Take the records below and retype them line by line, from the first line through the one containing "theory Defs"; stop there.

====== Records provided

(* Let $H\in\mathrm{C}(\mathbb{R}\times\mathbb{R})$ satisfy $\lim_{p\to\pm\infty}H(p,x)=\infty$ uniformly in $x\in\mathbb{R}$, let $x\mapsto H(p,x)$ be $1$-periodic for every $p$, and assume $H\in\mathrm{Lip}([-B,B]\times\mathbb{R})$ for every $B>0$. Then for each $\theta\in\mathbb{R}$ there exist a unique $\overline{H}(\theta)\in\mathbb{R}$ and a $1$-periodic $F_\theta\in\mathrm{C}^2(\mathbb{R})$ such that $$F_\theta''(x)+H(\theta+F_\theta'(x),x)=\overline{H}(\theta)\quad\text{for all }x\in\mathbb{R},$$ and moreover $p_-(\theta)\le\theta+F_\theta'(x)\le p_+(\theta)$ for all $x\in\mathbb{R}$.
   Context: For $\theta\in\mathbb{R}$, $U(\theta)=\max\{H(\theta,x):\,x\in[0,1]\}$, $p_-(\theta)=\min_{x\in[0,1]}\min\{p\in\mathbb{R}:\,H(p,x)\le U(\theta)\}$ and $p_+(\theta)=\max_{x\in[0,1]}\max\{p\in\mathbb{R}:\,H(p,x)\le U(\theta)\}$. Uniqueness of $\overline{H}(\theta)$ means: it is the only real number for which such a $1$-periodic $\mathrm{C}^2$ function exists. *)

theory Defs
  imports "HOL-Analysis.Analysis"
begin

text \<open>The max/min over x in [0,1] and over p are attained (continuity, coercivity), so they are rendered via Sup/Inf (Max/Min in Isabelle are only for finite sets).\<close>

definition U_max :: "(real \<Rightarrow> real \<Rightarrow> real) \<Rightarrow> real \<Rightarrow> real" where
  "U_max H \<theta> = Sup ((\<lambda>x. H \<theta> x) ` {0..1})"

definition p_minus :: "(real \<Rightarrow> real \<Rightarrow> real) \<Rightarrow> real \<Rightarrow> real" where
  "p_minus H \<theta> = Inf ((\<lambda>x. Inf {p. H p x \<le> U_max H \<theta>}) ` {0..1})"

definition p_plus :: "(real \<Rightarrow> real \<Rightarrow> real) \<Rightarrow> real \<Rightarrow> real" where
  "p_plus H \<theta> = Sup ((\<lambda>x. Sup {p. H p x \<le> U_max H \<theta>}) ` {0..1})"

definition periodic_C2 :: "(real \<Rightarrow> real) \<Rightarrow> (real \<Rightarrow> real) \<Rightarrow> (real \<Rightarrow> real) \<Rightarrow> bool" where
  "periodic_C2 F F1 F2 \<longleftrightarrow>
     (\<forall>x. F (x + 1) = F x) \<and>
     (\<forall>x. (F has_real_derivative F1 x) (at x)) \<and>
     (\<forall>x. (F1 has_real_derivative F2 x) (at x)) \<and>
     continuous_on UNIV F2"

end

theory Submission
  imports Defs "HOL-Library.Periodic_Fun"
begin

============

Expected answer
(* Let $H\in\mathrm{C}(\mathbb{R}\times\mathbb{R})$ satisfy $\lim_{p\to\pm\infty}H(p,x)=\infty$ uniformly in $x\in\mathbb{R}$, let $x\mapsto H(p,x)$ be $1$-periodic for every $p$, and assume $H\in\mathrm{Lip}([-B,B]\times\mathbb{R})$ for every $B>0$. Then for each $\theta\in\mathbb{R}$ there exist a unique $\overline{H}(\theta)\in\mathbb{R}$ and a $1$-periodic $F_\theta\in\mathrm{C}^2(\mathbb{R})$ such that $$F_\theta''(x)+H(\theta+F_\theta'(x),x)=\overline{H}(\theta)\quad\text{for all }x\in\mathbb{R},$$ and moreover $p_-(\theta)\le\theta+F_\theta'(x)\le p_+(\theta)$ for all $x\in\mathbb{R}$.
   Context: For $\theta\in\mathbb{R}$, $U(\theta)=\max\{H(\theta,x):\,x\in[0,1]\}$, $p_-(\theta)=\min_{x\in[0,1]}\min\{p\in\mathbb{R}:\,H(p,x)\le U(\theta)\}$ and $p_+(\theta)=\max_{x\in[0,1]}\max\{p\in\mathbb{R}:\,H(p,x)\le U(\theta)\}$. Uniqueness of $\overline{H}(\theta)$ means: it is the only real number for which such a $1$-periodic $\mathrm{C}^2$ function exists. *)

theory Defs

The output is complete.